» What is required
Please return only the lines from the one holding "(N2 * \<beta>2" through the one holding "powr \<beta>1 * \<beta>1) * x powr \<beta>1", exactly as they appear in the records below, both ends included.
##### Entries shown
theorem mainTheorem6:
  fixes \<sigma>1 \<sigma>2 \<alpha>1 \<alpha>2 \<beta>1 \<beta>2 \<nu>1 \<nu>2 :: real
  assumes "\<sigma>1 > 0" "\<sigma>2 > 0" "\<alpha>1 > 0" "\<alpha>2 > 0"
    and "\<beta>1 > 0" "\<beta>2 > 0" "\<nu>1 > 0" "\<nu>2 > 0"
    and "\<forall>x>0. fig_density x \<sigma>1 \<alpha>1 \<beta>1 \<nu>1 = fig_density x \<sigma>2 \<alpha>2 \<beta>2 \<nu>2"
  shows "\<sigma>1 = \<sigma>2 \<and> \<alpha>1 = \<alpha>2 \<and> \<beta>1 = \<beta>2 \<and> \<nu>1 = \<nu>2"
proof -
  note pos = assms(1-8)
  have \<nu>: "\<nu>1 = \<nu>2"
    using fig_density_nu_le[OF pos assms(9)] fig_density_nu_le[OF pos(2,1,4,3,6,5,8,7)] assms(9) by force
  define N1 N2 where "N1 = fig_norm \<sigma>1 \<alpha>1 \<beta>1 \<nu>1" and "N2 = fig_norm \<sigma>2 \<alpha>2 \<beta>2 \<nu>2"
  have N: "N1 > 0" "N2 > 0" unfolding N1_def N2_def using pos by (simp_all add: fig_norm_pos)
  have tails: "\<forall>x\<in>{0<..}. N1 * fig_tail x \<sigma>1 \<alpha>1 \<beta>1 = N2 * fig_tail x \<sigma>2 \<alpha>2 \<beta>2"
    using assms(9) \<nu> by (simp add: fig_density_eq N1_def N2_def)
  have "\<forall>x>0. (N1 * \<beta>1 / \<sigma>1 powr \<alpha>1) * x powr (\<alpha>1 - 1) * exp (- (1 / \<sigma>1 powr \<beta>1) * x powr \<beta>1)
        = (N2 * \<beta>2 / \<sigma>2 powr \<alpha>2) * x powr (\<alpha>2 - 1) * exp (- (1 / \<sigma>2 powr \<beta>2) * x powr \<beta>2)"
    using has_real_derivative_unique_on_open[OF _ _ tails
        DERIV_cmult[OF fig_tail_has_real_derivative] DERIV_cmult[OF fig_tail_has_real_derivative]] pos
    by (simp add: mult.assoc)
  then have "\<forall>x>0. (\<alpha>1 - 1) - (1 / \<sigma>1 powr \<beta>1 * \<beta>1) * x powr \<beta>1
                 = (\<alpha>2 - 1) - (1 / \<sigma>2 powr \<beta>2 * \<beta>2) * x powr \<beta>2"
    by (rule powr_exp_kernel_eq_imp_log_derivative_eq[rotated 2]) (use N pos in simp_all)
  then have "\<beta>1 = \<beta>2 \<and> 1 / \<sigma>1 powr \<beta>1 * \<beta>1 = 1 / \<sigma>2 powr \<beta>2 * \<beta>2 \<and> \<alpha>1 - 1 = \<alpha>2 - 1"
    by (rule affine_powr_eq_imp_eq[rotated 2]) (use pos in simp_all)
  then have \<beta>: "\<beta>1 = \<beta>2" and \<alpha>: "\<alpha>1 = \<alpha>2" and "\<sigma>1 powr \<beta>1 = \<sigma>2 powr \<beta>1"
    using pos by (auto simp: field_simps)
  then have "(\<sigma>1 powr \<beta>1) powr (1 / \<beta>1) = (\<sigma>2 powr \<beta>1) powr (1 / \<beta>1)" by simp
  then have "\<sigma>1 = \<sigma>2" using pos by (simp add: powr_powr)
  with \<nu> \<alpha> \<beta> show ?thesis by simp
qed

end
##########
» Answer to this exercise
        = (N2 * \<beta>2 / \<sigma>2 powr \<alpha>2) * x powr (\<alpha>2 - 1) * exp (- (1 / \<sigma>2 powr \<beta>2) * x powr \<beta>2)"
    using has_real_derivative_unique_on_open[OF _ _ tails
        DERIV_cmult[OF fig_tail_has_real_derivative] DERIV_cmult[OF fig_tail_has_real_derivative]] pos
    by (simp add: mult.assoc)
  then have "\<forall>x>0. (\<alpha>1 - 1) - (1 / \<sigma>1 powr \<beta>1 * \<beta>1) * x powr \<beta>1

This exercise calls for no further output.